За круглым столом Роберт почувствовал себя раскованно: наконец-то он оказался там, где хотел. А мне стало не очень-то уютно – какое там. Девушки были красивые, но недобрые – наверно, потому, что ими интересовалось лишь меньшинство присутствующих мужчин. Я чувствовала: меня здесь просто терпят, зато Роберта находят привлекательным. Он был объектом их страсти, а их круг избранных – его кругом. Казалось, тут Роберта хотели все: и женщины и мужчины. Но в те времена Робертом двигали амбиции, а не половое влечение.
Роберт ликовал, что преодолел мелкое и одновременно колоссальное препятствие – попал за круглый стол. Но я предчувствовала, что круглый стол даже в его звездный час обречен на гибель. Так уж заведено: Энди разогнал своих рыцарей круглого стола, их место заняли мы, а затем, несомненно, и нас вытеснит следующее поколение тусовщиков. Свое предчувствие я держала при себе.
Я обвела взглядом всех, омытых кровавым светом дальнего зала. Дэн Флэвин посвятил свою инсталляцию памяти жертв вьетнамской войны. Никому из завсегдатаев не было суждено погибнуть во Вьетнаме, но почти всех сразили беспощадные болезни поколения.

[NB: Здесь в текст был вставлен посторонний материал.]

lemma inP_mean:
  assumes "1 \<le> m" and y: "\<And>j. j \<in> {1..m} \<Longrightarrow> inP I (y j)"
  shows "inP I (\<lambda>v s t. (\<Sum>j=1..m. y j v s t) / real m)"
proof -
  have "0 \<le> (\<Sum>j=1..m. y j v s t) / real m \<and> (\<Sum>j=1..m. y j v s t) / real m \<le> 1"
    if "v \<in> {1..nV I}" "s \<in> {1..nS I}" "t \<in> {1..nT I}" for v s t
  proof -
    have "0 \<le> (\<Sum>j=1..m. y j v s t)"
      using inP_bounds[OF y that] by (auto intro: sum_nonneg)
    moreover have "(\<Sum>j=1..m. y j v s t) \<le> (\<Sum>j=1..m. 1)"
      by (rule sum_mono) (use inP_bounds[OF y that] in auto)
    ultimately show ?thesis
      using assms(1) by simp
  qed
  moreover have "(\<Sum>\<tau>=1..t. \<Sum>s=1..nS I.
      lam I s \<tau> * ((\<Sum>j=1..m. y j v s \<tau>) / real m) * (1 - GG I (t - \<tau>))) \<le> 1"
    if v: "v \<in> {1..nV I}" and t: "t \<in> {1..nT I}" for v t
  proof -
    define F where "F j \<tau> s = lam I s \<tau> * y j v s \<tau> * (1 - GG I (t - \<tau>))" for j \<tau> s
    have "(\<Sum>\<tau>=1..t. \<Sum>s=1..nS I.
        lam I s \<tau> * ((\<Sum>j=1..m. y j v s \<tau>) / real m) * (1 - GG I (t - \<tau>))) =
        (\<Sum>\<tau>=1..t. \<Sum>s=1..nS I. \<Sum>j=1..m. F j \<tau> s) / real m"
      by (simp add: F_def sum_distrib_left sum_distrib_right sum_divide_distrib)
    also have "(\<Sum>\<tau>=1..t. \<Sum>s=1..nS I. \<Sum>j=1..m. F j \<tau> s) =
        (\<Sum>j=1..m. \<Sum>\<tau>=1..t. \<Sum>s=1..nS I. F j \<tau> s)"
      by (subst sum.swap) (rule sum.cong[OF refl], rule sum.swap)
    also have "\<dots> \<le> (\<Sum>j=1..m. 1)"
      unfolding F_def using inP_load[OF y v t] by (intro sum_mono) auto
    finally show ?thesis
      using assms(1) by (simp add: divide_right_mono)
  qed
  ultimately show ?thesis
    unfolding inP_def by blast
qed

lemma AA_output_inP:
  assumes "AA_output I m xseq yseq x"
  shows "inP I x"
proof -
  have m: "1 \<le> m" and x: "x = xseq m" and y: "\<And>j. j \<in> {1..m} \<Longrightarrow> inP I (yseq j)"
    using assms unfolding AA_output_def by auto
  have "i \<le> m \<Longrightarrow> xseq i = (\<lambda>v s t. (\<Sum>j=1..i. yseq j v s t) / real m)" for i
  proof (induction i)
    case 0
    then show ?case
      using assms unfolding AA_output_def by simp
  next
    case (Suc i)
    then have "xseq (Suc i) = (\<lambda>v s t. xseq i v s t + yseq (Suc i) v s t / real m)"
      using assms unfolding AA_output_def by auto
    then show ?case
      using Suc by (simp add: add_divide_distrib)
  qed
  then show ?thesis
    using inP_mean[OF m y] x by simp
qed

* * *Возвращаясь из прачечной с чистым бельем, я услышала за дверью голос: Тим Хардин? Песня “Black Sheep Boy”? Откуда? Оказалось, Роберт принес старый проигрыватель – получил его вместо денег за работу грузчиком – и поставил нашу любимую пластинку. Сделал мне сюрприз. Проигрывателя у нас не было со времен Холл-стрит.
Дело было в воскресенье накануне Дня благодарения. Поздняя осень, но день выдался солнечный – прямо-таки бабье лето. Утром я собрала наше грязное белье, надела старое хлопчатобумажное платье, шерстяные чулки и теплый свитер и отправилась на Восьмую авеню. Спросила Гарри, не надо ли чего постирать, но он театрально содрогнулся при мысли, что я притронусь к его подштанникам, и спровадил меня. Я загрузила белье в машину, бухнула туда же несколько горстей питьевой соды и прогулялась за пару кварталов в “Азия де Куба” – выпить чашку кафе кон лече.
И вот теперь я складывала наши выстиранные вещи. Зазвучала песня, которую мы называли нашей: “How Can You Hang On to a Dream?”[77] Мы оба были мечтатели, но только Роберт осуществлял свои мечты на практике. Я умела зарабатывать на жизнь, а Роберт был целеустремлен и сосредоточен на своем деле. Планировал свое будущее, но и мое тоже. Ему хотелось, чтобы мы творчески росли, но была одна помеха – теснота. Все стены в номере были завешаны нашими произведениями. Роберту было негде воплощать задуманные инсталляции. Когда он распылял краску из баллончиков, я кашляла все надсаднее – кашель у меня никогда не проходил. Иногда Роберт пристраивался поработать на крыше отеля, но климат ему не благоволил: становилось все холоднее, дул ветер. Наконец Роберт решил найти для нас какой-нибудь лофт без отделки. Стал просматривать “Виллидж войс”, расспрашивать людей.